lemma integrable_abs_mult_square_integrable:
  fixes a b :: "'a \<Rightarrow> real"
  assumes "a \<in> borel_measurable M" "b \<in> borel_measurable M"
    and "integrable M (\<lambda>x. (a x)\<^sup>2)" "integrable M (\<lambda>x. (b x)\<^sup>2)"
  shows "integrable M (\<lambda>x. \<bar>a x * b x\<bar>)"
  by (rule Bochner_Integration.integrable_bound[where f="\<lambda>x. ((a x)\<^sup>2 + (b x)\<^sup>2) / 2"])
     (use assms abs_mult_le_half_sum_squares in auto)

lemma integral_abs_mult_le_sqrt:
  fixes a b :: "'a \<Rightarrow> real"
  assumes [measurable]: "a \<in> borel_measurable M" "b \<in> borel_measurable M"
    and ai: "integrable M (\<lambda>x. (a x)\<^sup>2)" and bi: "integrable M (\<lambda>x. (b x)\<^sup>2)"
  shows "(\<integral>x. \<bar>a x * b x\<bar> \<partial>M) \<le> sqrt (\<integral>x. (a x)\<^sup>2 \<partial>M) * sqrt (\<integral>x. (b x)\<^sup>2 \<partial>M)"
proof -
  have abi: "integrable M (\<lambda>x. \<bar>a x * b x\<bar>)"
    using integrable_abs_mult_square_integrable[OF assms] .
  have "ennreal ((\<integral>x. \<bar>a x * b x\<bar> \<partial>M)\<^sup>2)
      = (\<integral>\<^sup>+x. ennreal \<bar>a x\<bar> * ennreal \<bar>b x\<bar> \<partial>M)\<^sup>2"
    using nn_integral_eq_integral[OF abi] by (simp add: abs_mult ennreal_power ennreal_mult)
  also have "\<dots> \<le> (\<integral>\<^sup>+x. ennreal \<bar>a x\<bar> ^ 2 \<partial>M) * (\<integral>\<^sup>+x. ennreal \<bar>b x\<bar> ^ 2 \<partial>M)"
    by (rule Cauchy_Schwarz_nn_integral) auto
  also have "\<dots> = ennreal ((\<integral>x. (a x)\<^sup>2 \<partial>M) * (\<integral>x. (b x)\<^sup>2 \<partial>M))"
    using nn_integral_eq_integral[OF ai] nn_integral_eq_integral[OF bi]
    by (simp add: ennreal_mult ennreal_power)
  finally have "(\<integral>x. \<bar>a x * b x\<bar> \<partial>M)\<^sup>2 \<le> (\<integral>x. (a x)\<^sup>2 \<partial>M) * (\<integral>x. (b x)\<^sup>2 \<partial>M)"
    by (simp add: ennreal_le_iff)
  then show ?thesis
    by (simp add: real_le_rsqrt flip: real_sqrt_mult)
qed

lemma abs_integral_weighted_mult_le:
  fixes a b w :: "'a \<Rightarrow> real"
  assumes "a \<in> borel_measurable M" "b \<in> borel_measurable M"
    and "integrable M (\<lambda>x. (a x)\<^sup>2)" "integrable M (\<lambda>x. (b x)\<^sup>2)"
    and w: "AE x in M. \<bar>w x\<bar> \<le> K" and K: "0 \<le> K"
  shows "\<bar>\<integral>x. w x * a x * b x \<partial>M\<bar> \<le> K * (sqrt (\<integral>x. (a x)\<^sup>2 \<partial>M) * sqrt (\<integral>x. (b x)\<^sup>2 \<partial>M))"
proof -
  have "\<bar>\<integral>x. w x * a x * b x \<partial>M\<bar> \<le> (\<integral>x. \<bar>w x * a x * b x\<bar> \<partial>M)"
    by (rule integral_abs_bound)
  also have "\<dots> \<le> (\<integral>x. K * \<bar>a x * b x\<bar> \<partial>M)"
  proof (rule integral_mono_AE')
    show "integrable M (\<lambda>x. K * \<bar>a x * b x\<bar>)"
      using integrable_abs_mult_square_integrable[OF assms(1-4)] by simp
    show "AE x in M. \<bar>w x * a x * b x\<bar> \<le> K * \<bar>a x * b x\<bar>"
      using w by eventually_elim (simp add: abs_mult mult.assoc mult_right_mono)
  qed (use K in simp)
  also have "\<dots> \<le> K * (sqrt (\<integral>x. (a x)\<^sup>2 \<partial>M) * sqrt (\<integral>x. (b x)\<^sup>2 \<partial>M))"
    using integral_abs_mult_le_sqrt[OF assms(1-4)] K by (simp add: mult_left_mono)
  finally show ?thesis .
qed

lemma le_of_square_le_mult:
  fixes a K :: real
  assumes "0 \<le> a" "0 \<le> K" "a\<^sup>2 \<le> K * a"
  shows "a \<le> K"
proof (cases "a = 0")
  case False
  then show ?thesis
    using assms by (intro mult_right_le_imp_le[of a a K]) (auto simp: power2_eq_square)
qed (use assms in simp)

lemma sum_power2_diff: "(\<Sum>j=1..n. (2::real) ^ (n - j)) = 2 ^ n - 1"
proof (induction n)
  case (Suc n)
  have "(\<Sum>j=1..n. (2::real) ^ (Suc n - j)) = 2 * (\<Sum>j=1..n. 2 ^ (n - j))"
    by (simp add: sum_distrib_left Suc_diff_le flip: power_Suc)
  then show ?case using Suc by simp
qed simp

lemma convolution_recursion_bound:
  fixes N :: "nat \<Rightarrow> real"
  assumes base: "N 0 \<le> C" and step: "\<And>n. n \<ge> 1 \<Longrightarrow> N n \<le> (\<Sum>j=1..n. P ^ j * N (n - j))"
    and "0 \<le> P" "0 \<le> C"
  shows "N n \<le> 2 ^ n * P ^ n * C"
proof (induction n rule: less_induct)
  case (less n)
  show ?case
  proof (cases "n = 0")
    case False
    have "N n \<le> (\<Sum>j=1..n. P ^ j * N (n - j))"
      using False step by simp
    also have "\<dots> \<le> (\<Sum>j=1..n. P ^ j * (2 ^ (n - j) * P ^ (n - j) * C))"
      using less \<open>0 \<le> P\<close> by (intro sum_mono mult_left_mono) auto
    also have "\<dots> = (\<Sum>j=1..n. 2 ^ (n - j)) * P ^ n * C"
      unfolding sum_distrib_right by (rule sum.cong) (auto simp: mult_ac simp flip: power_add)
    also have "\<dots> \<le> 2 ^ n * P ^ n * C"
      unfolding sum_power2_diff using assms(3,4) by (intro mult_right_mono) auto
    finally show ?thesis .
  qed (use base in simp)
qed

lemma space_Iv: "space (Iv L) = {0<..<L}"
  by (simp add: space_restrict_space)

lemma finite_measure_Iv: "finite_measure (Iv L)"
proof (rule finite_measureI)
  have "emeasure lborel {0<..<L} \<le> emeasure lborel {0..\<bar>L\<bar>}"
    by (rule emeasure_mono) auto
  then show "emeasure (Iv L) (space (Iv L)) \<noteq> \<infinity>"
    by (auto simp: space_Iv emeasure_restrict_space top_unique)
qed

lemma measure_Iv: "0 \<le> L \<Longrightarrow> measure (Iv L) {0<..<L} = L"
  by (simp add: measure_restrict_space)

lemma LBINT_eq_integral_Iv: "0 \<le> L \<Longrightarrow> (LBINT x=0..L. h x) = (\<integral>x. h x \<partial>Iv L)"
  by (simp add: interval_lebesgue_integral_def set_lebesgue_integral_def
      integral_restrict_space zero_ereal_def)

lemma H1_semi_eq: "0 \<le> L \<Longrightarrow> H1_semi L g = sqrt (\<integral>x. (g x)\<^sup>2 \<partial>Iv L)"
  by (simp add: H1_semi_def LBINT_eq_integral_Iv)

lemma H1_semi_nonneg: "0 \<le> L \<Longrightarrow> 0 \<le> H1_semi L g"
  by (simp add: H1_semi_eq)

lemma aj_eq: "0 \<le> L \<Longrightarrow> aj L \<psi> j a b = 1 / fact j * (\<integral>x. \<psi> x ^ j * a x * b x \<partial>Iv L)"
  by (simp add: aj_def LBINT_eq_integral_Iv)
(* Let $R:\mathbb{R}^4\to\mathbb{R}^4$ be any rotation, let $\mathcal{C}=\{(x,y,z,w)\in\mathbb{R}^4: x^2+y^2=\tfrac12=z^2+w^2\}$ be the Clifford torus, and let $Q=\pi\big(R(\mathcal{C})\setminus\{(0,0,0,1)\}\big)\subset\mathbb{R}^3$. Then there is a line $l\subset\mathbb{R}^3$ such that $Q$ has generalized reflectional symmetry along $l$.
   Context: A rotation of $\mathbb{R}^n$ is a linear map $\mathbb{R}^n\to\mathbb{R}^n$ whose matrix is orthogonal with determinant $1$. The unit three-sphere is $\mathbb{S}^3=\{\mathbf{x}\in\mathbb{R}^4:|\mathbf{x}|=1\}$, which every rotation maps onto itself. Stereographic projection $\pi:\mathbb{S}^3\setminus\{(0,0,0,1)\}\to\mathbb{R}^3$ is $\pi(x,y,z,w)=\frac{1}{1-w}(x,y,z)$. For $\mathbf{a}\in\mathbb{R}^3$ and $\rho>0$, reflection (inversion) about the sphere of center $\mathbf{a}$ and radius $\rho$ is the map $\psi_{\mathbf{a},\rho}:\mathbb{R}^3\setminus\{\mathbf{a}\}\to\mathbb{R}^3\setminus\{\mathbf{a}\}$, $\psi_{\mathbf{a},\rho}(\mathbf{p})=\rho^2\frac{\mathbf{p}-\mathbf{a}}{|\mathbf{p}-\mathbf{a}|^2}+\mathbf{a}$. A set $Q\subset\mathbb{R}^3$ has generalized reflectional symmetry along a line $l\subset\mathbb{R}^3$ if there exist a point $\mathbf{m}_0\in l$ and a number $\rho_0>0$ such that for every $\mathbf{a}\in l$, setting $\rho=\sqrt{|\mathbf{a}-\mathbf{m}_0|^2+\rho_0^2}$, one has $\psi_{\mathbf{a},\rho}(Q\setminus\{\mathbf{a}\})=Q\setminus\{\mathbf{a}\}$ (when $\mathbf{a}\notin Q$ this says $\psi_{\mathbf{a},\rho}(Q)=Q$). *)

theory Defs
  imports "HOL-Analysis.Analysis"
begin

definition rotation_matrix :: "real^'n^'n \<Rightarrow> bool" where
  "rotation_matrix A \<longleftrightarrow> orthogonal_matrix A \<and> det A = 1"

definition stereo :: "real^4 \<Rightarrow> real^3" where
  "stereo p = (1 / (1 - p$4)) *\<^sub>R vector [p$1, p$2, p$3]"

definition north_pole :: "real^4" where
  "north_pole = vector [0, 0, 0, 1]"

definition clifford_torus :: "(real^4) set" where
  "clifford_torus = {p. (p$1)\<^sup>2 + (p$2)\<^sup>2 = 1/2 \<and> (p$3)\<^sup>2 + (p$4)\<^sup>2 = 1/2}"

definition sphere_inversion :: "real^3 \<Rightarrow> real \<Rightarrow> real^3 \<Rightarrow> real^3" where
  "sphere_inversion a \<rho> p = (\<rho>\<^sup>2 / (norm (p - a))\<^sup>2) *\<^sub>R (p - a) + a"

definition is_line :: "(real^3) set \<Rightarrow> bool" where
  "is_line l \<longleftrightarrow> (\<exists>p d. d \<noteq> 0 \<and> l = {p + t *\<^sub>R d | t. t \<in> (UNIV :: real set)})"

definition gen_refl_sym :: "(real^3) set \<Rightarrow> (real^3) set \<Rightarrow> bool" where
  "gen_refl_sym Q l \<longleftrightarrow> (\<exists>m0 \<in> l. \<exists>\<rho>0 > 0. \<forall>a \<in> l.
     sphere_inversion a (sqrt ((norm (a - m0))\<^sup>2 + \<rho>0\<^sup>2)) ` (Q - {a}) = Q - {a})"

end

theory Submission
  imports Defs
begin

(* For a in R^3 put n(a) = (-a, 1). The reflection of R^4 in the hyperplane orthogonal to n(a)
   preserves S^3, and stereographic projection conjugates it to the inversion about the sphere of
   center a and radius sqrt (|a|^2 + 1). The Clifford torus is preserved by every reflection whose
   normal lies in the x1x2-plane or in the x3x4-plane, so R(C) is preserved by the reflections
   whose normal lies in the image P of one of these planes. Since the last row of R is a unit
   vector, P can be chosen not to lie in {w = 0}; then the points a with n(a) in P form a line l,
   and if m0 is the foot of the perpendicular from the origin to l, Pythagoras gives
   |a|^2 + 1 = |a - m0|^2 + (|m0|^2 + 1) for all a on l. *)

definition reflection :: "'a::real_inner \<Rightarrow> 'a \<Rightarrow> 'a" where
  "reflection n x = x - (2 * (x \<bullet> n) / (n \<bullet> n)) *\<^sub>R n"

lemma reflection_reflection:
  assumes "n \<noteq> 0"
  shows "reflection n (reflection n x) = x"
  using assms by (simp add: reflection_def inner_diff_left algebra_simps)

lemma norm_reflection: "norm (reflection n x) = norm x"
proof (cases "n = 0")
  case False
  then show ?thesis
    by (simp add: norm_eq_sqrt_inner reflection_def inner_diff_left inner_diff_right
        inner_commute field_simps power2_eq_square)
qed (simp add: reflection_def)

lemma reflection_orthogonal_transformation:
  assumes "orthogonal_transformation f"
  shows "reflection (f n) (f x) = f (reflection n x)"
  using assms
  by (simp add: reflection_def orthogonal_transformation_def linear_diff linear_scale)

lemma reflection_component:
  "reflection n x $ k = x $ k - (2 * (x \<bullet> n) / (n \<bullet> n)) * n $ k"
  by (simp add: reflection_def)

lemma power2_norm_vec4:
  "(norm (x :: real^4))\<^sup>2 = (x$1)\<^sup>2 + (x$2)\<^sup>2 + (x$3)\<^sup>2 + (x$4)\<^sup>2"
  by (simp only: power2_norm_eq_inner) (simp add: inner_vec_def sum_4 power2_eq_square)

lemma power2_norm_vec3:
  "(norm (x :: real^3))\<^sup>2 = (x$1)\<^sup>2 + (x$2)\<^sup>2 + (x$3)\<^sup>2"
  by (simp only: power2_norm_eq_inner) (simp add: inner_vec_def sum_3 power2_eq_square)

lemma clifford_torus_iff:
  "c \<in> clifford_torus \<longleftrightarrow> norm c = 1 \<and> (c$1)\<^sup>2 + (c$2)\<^sup>2 = 1/2"
  "c \<in> clifford_torus \<longleftrightarrow> norm c = 1 \<and> (c$3)\<^sup>2 + (c$4)\<^sup>2 = 1/2"
proof -
  have "norm c = 1 \<longleftrightarrow> (norm c)\<^sup>2 = 1"
    by (simp add: norm_eq_1 power2_norm_eq_inner)
  then show "c \<in> clifford_torus \<longleftrightarrow> norm c = 1 \<and> (c$1)\<^sup>2 + (c$2)\<^sup>2 = 1/2"
    "c \<in> clifford_torus \<longleftrightarrow> norm c = 1 \<and> (c$3)\<^sup>2 + (c$4)\<^sup>2 = 1/2"
    unfolding power2_norm_vec4 clifford_torus_def by auto
qed
lemma abelianize_add: "abelianize (x + y) = abelianize x + abelianize y"
  by (rule poly_mapping_eqI) (simp add: lookup_abelianize lookup_add sum.distrib)

lemma abelianize_zero: "abelianize 0 = 0"
  by (rule poly_mapping_eqI) (simp add: lookup_abelianize)

lemma abelianize_diff: "abelianize (x - y) = abelianize x - abelianize y"
  using abelianize_add[of "x - y" y] by (simp add: eq_diff_eq)

lemma abelianize_single:
  "abelianize (Poly_Mapping.single (W l) c) = Poly_Mapping.single (mset l) c"
proof (rule poly_mapping_eqI)
  fix m
  have "(\<Sum>l'\<in>lists_of_mset m. Poly_Mapping.lookup (Poly_Mapping.single (W l) c) (W l'))
      = (\<Sum>l'\<in>lists_of_mset m. if l' = l then c else 0)"
    by (intro sum.cong) (auto simp: lookup_single when_def)
  also have "\<dots> = (if mset l = m then c else 0)"
    using finite_lists_of_mset by (simp add: lists_of_mset_def)
  finally show "Poly_Mapping.lookup (abelianize (Poly_Mapping.single (W l) c)) m
      = Poly_Mapping.lookup (Poly_Mapping.single (mset l) c) m"
    by (simp add: lookup_abelianize lookup_single when_def)
qed
definition strict :: "('b \<Rightarrow> 'b \<Rightarrow> bool) \<Rightarrow> 'b \<Rightarrow> 'b \<Rightarrow> bool" where
  "strict le a b \<longleftrightarrow> le a b \<and> a \<noteq> b"

definition omax :: "('b \<Rightarrow> 'b \<Rightarrow> bool) \<Rightarrow> 'b \<Rightarrow> 'b \<Rightarrow> 'b" where
  "omax le a b = (if le a b then b else a)"

definition dec_coinitial ::
  "'b set \<Rightarrow> ('b \<Rightarrow> 'b \<Rightarrow> bool) \<Rightarrow> 'b \<Rightarrow> 'k rel \<Rightarrow> ('k \<Rightarrow> 'b) \<Rightarrow> bool" where
  "dec_coinitial S le bt r s \<longleftrightarrow>
     (\<forall>\<alpha>\<in>Field r. s \<alpha> \<in> S - {bt}) \<and>
     (\<forall>\<alpha> \<beta>. (\<alpha>, \<beta>) \<in> r \<and> \<alpha> \<noteq> \<beta> \<longrightarrow> strict le (s \<beta>) (s \<alpha>)) \<and>
     (\<forall>t\<in>S - {bt}. \<exists>\<alpha>\<in>Field r. le (s \<alpha>) t)"

text \<open>chi(S) = |r|: r is a nonzero cardinal admitting such a family, and no
  nonzero smaller cardinal does (all cardinals below |r| are representable on
  the same type as r).\<close>
definition chi_is ::
  "'b set \<Rightarrow> ('b \<Rightarrow> 'b \<Rightarrow> bool) \<Rightarrow> 'b \<Rightarrow> 'k rel \<Rightarrow> bool" where
  "chi_is S le bt r \<longleftrightarrow>
     Card_order r \<and> Field r \<noteq> {} \<and> (\<exists>s. dec_coinitial S le bt r s) \<and>
     (\<forall>r'::'k rel. Card_order r' \<and> Field r' \<noteq> {} \<and> (r', r) \<in> ordLess \<longrightarrow>
        \<not> (\<exists>s. dec_coinitial S le bt r' s))"

abbreviation chi_arc :: "'g::linordered_ab_group_add itself \<Rightarrow> 'k rel \<Rightarrow> bool" where
  "chi_arc TYPE('g) r \<equiv> chi_is (ArcBot :: 'g set set) arc_le arc_bot_elem r"

definition generates_topology ::
  "'a topology \<Rightarrow> ('a \<Rightarrow> 'r \<Rightarrow> 'a set) \<Rightarrow> 'r set \<Rightarrow> bool" where
  "generates_topology X B R \<longleftrightarrow>
     (\<forall>U. openin X U \<longleftrightarrow> U \<subseteq> topspace X \<and> (\<forall>x\<in>U. \<exists>r\<in>R. B x r \<subseteq> U))"

definition is_gmetric :: "'a set \<Rightarrow> ('a \<Rightarrow> 'a \<Rightarrow> 'g::linordered_ab_group_add) \<Rightarrow> bool" where
  "is_gmetric M d \<longleftrightarrow>
     (\<forall>x\<in>M. \<forall>y\<in>M. (d x y = 0 \<longleftrightarrow> x = y) \<and> 0 \<le> d x y \<and> d x y = d y x) \<and>
     (\<forall>x\<in>M. \<forall>y\<in>M. \<forall>z\<in>M. d x y \<le> d x z + d z y)"
lemma inverse_commutes:
  fixes z w x :: "'a::monoid_mult"
  assumes "z * w = 1" and "w * z = 1" and "z * x = x * z"
  shows "w * x = x * w"
proof -
  have "w * x = w * x * (z * w)"
    by (simp add: assms(1))
  also have "\<dots> = w * (z * x) * w"
    by (simp add: assms(3) mult.assoc)
  also have "\<dots> = x * w"
    by (simp add: mult.assoc[symmetric] assms(2))
  finally show ?thesis .
qed

context unital_cstar_algebra
begin

lemma star_diff: "star (x - y) = star x - star y"
proof -
  have "star (x - y) + star y = star x"
    using star_add[of "x - y" y] by simp
  then show ?thesis
    by (simp add: eq_diff_eq)
qed

lemma star_one: "star 1 = 1"
  using star_mult[of "star 1" 1] by (simp add: star_star)

lemma norm_star_le: "norm x \<le> norm (star x)"
proof (cases "x = 0")
  case False
  have "norm x * norm x = norm (star x * x)"
    by (simp add: cstar_identity power2_eq_square)
  also have "\<dots> \<le> norm (star x) * norm x"
    by (rule norm_mult_ineq)
  finally show ?thesis
    using False by simp
qed simp

lemma norm_star: "norm (star x) = norm x"
  using norm_star_le[of x] norm_star_le[of "star x"] by (simp add: star_star)

lemma norm_projection_le_one:
  assumes "is_projection star P"
  shows "norm P \<le> 1"
proof -
  have "norm P * norm P = norm (star P * P)"
    by (simp add: cstar_identity power2_eq_square)
  also have "\<dots> = norm P"
    using assms by (simp add: is_projection_def)
  finally have "norm P = 0 \<or> norm P = 1"
    by (metis mult_cancel_left1)
  then show ?thesis
    by auto
qed

lemma selfadjoint_inverse:
  assumes "star z = z" and "z * w = 1" and "w * z = 1"
  shows "star w = w"
proof -
  have "star w * z = 1"
    using star_mult[of z w] assms by (simp add: star_one)
  then have "star w * (z * w) = w"
    by (simp add: mult.assoc[symmetric])
  then show ?thesis
    by (simp add: assms(2))
qed
(* Let $\mathcal{G}\subseteq\mathcal{F}$ be a sub-$\sigma$-field and let $X\in L^\infty$ be independent of $\mathcal{G}$. Then $\mathbb{E}[X\mid\mathcal{G}]$ is exactly the set of random variables $Y\in L^\infty(\mathcal{G})$ that take values (a.s.) in the ball $\mathbb{E}[X]$.
   Context: $\mathbb{K}$ is a local field with non-archimedean absolute value $|\cdot|$ satisfying $|x|=0 \iff x=0$, $|xy|=|x||y|$, $|x+y|\le|x|\vee|y|$. $(\Omega,\mathcal{F},\mathbb{P})$ is a probability space; $L^\infty$ is the space of $\mathbb{K}$-valued random variables $X$ with $\|X\|_\infty:=\operatorname{ess\,sup}|X|<\infty$; $L^\infty(\mathcal{G})$ its $\mathcal{G}$-measurable subspace. Unconditional expectation: $\varepsilon(X):=\inf_{c\in\mathbb{K}}\|X-c\|_\infty$ and $\mathbb{E}[X]:=\{c\in\mathbb{K}:\|X-c\|_\infty=\varepsilon(X)\}$. For a non-negative real random variable $S$, $\operatorname{ess\,sup}\{S\mid\mathcal{G}\}:=\sup_{p\ge1}\mathbb{E}[S^p\mid\mathcal{G}]^{1/p}$ (usual real conditional expectation), $\|X\|_\mathcal{G}:=\operatorname{ess\,sup}\{|X|\mid\mathcal{G}\}$, and $\mathbb{E}[X\mid\mathcal{G}]:=\{Y\in L^\infty(\mathcal{G}): \|X-Y\|_\mathcal{G}\le\|X-Z\|_\mathcal{G}\text{ a.s. for all }Z\in L^\infty(\mathcal{G})\}$. *)

theory Defs
  imports "HOL-Probability.Probability"
begin

text \<open>A non-archimedean absolute value on a field, making it a local field:
  non-trivial (non-discrete), and locally compact (the closed unit ball is
  sequentially compact for the metric induced by the absolute value; this also
  gives completeness).\<close>
definition nonarch_abs :: "('k::field \<Rightarrow> real) \<Rightarrow> bool" where
  "nonarch_abs av \<longleftrightarrow>
     (\<forall>x. av x \<ge> 0) \<and> (\<forall>x. av x = 0 \<longleftrightarrow> x = 0) \<and>
     (\<forall>x y. av (x * y) = av x * av y) \<and>
     (\<forall>x y. av (x + y) \<le> max (av x) (av y))"

definition local_field_abs :: "('k::field \<Rightarrow> real) \<Rightarrow> bool" where
  "local_field_abs av \<longleftrightarrow> nonarch_abs av \<and>
     (\<exists>x. av x \<noteq> 0 \<and> av x \<noteq> 1) \<and>
     (\<forall>s::nat \<Rightarrow> 'k. (\<forall>n. av (s n) \<le> 1) \<longrightarrow>
        (\<exists>r l. strict_mono r \<and> av l \<le> 1 \<and> (\<lambda>n. av (s (r n) - l)) \<longlonglongrightarrow> 0))"

definition K_borel :: "('k::field \<Rightarrow> real) \<Rightarrow> 'k measure" where
  "K_borel av = sigma UNIV {{y. av (y - c) < r} | c r. True}"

════════════════

● Assigned task: Read the entries above, then pull out the lines that include "cardinal".

● Response area:
text \<open>chi(S) = |r|: r is a nonzero cardinal admitting such a family, and no
  nonzero smaller cardinal does (all cardinals below |r| are representable on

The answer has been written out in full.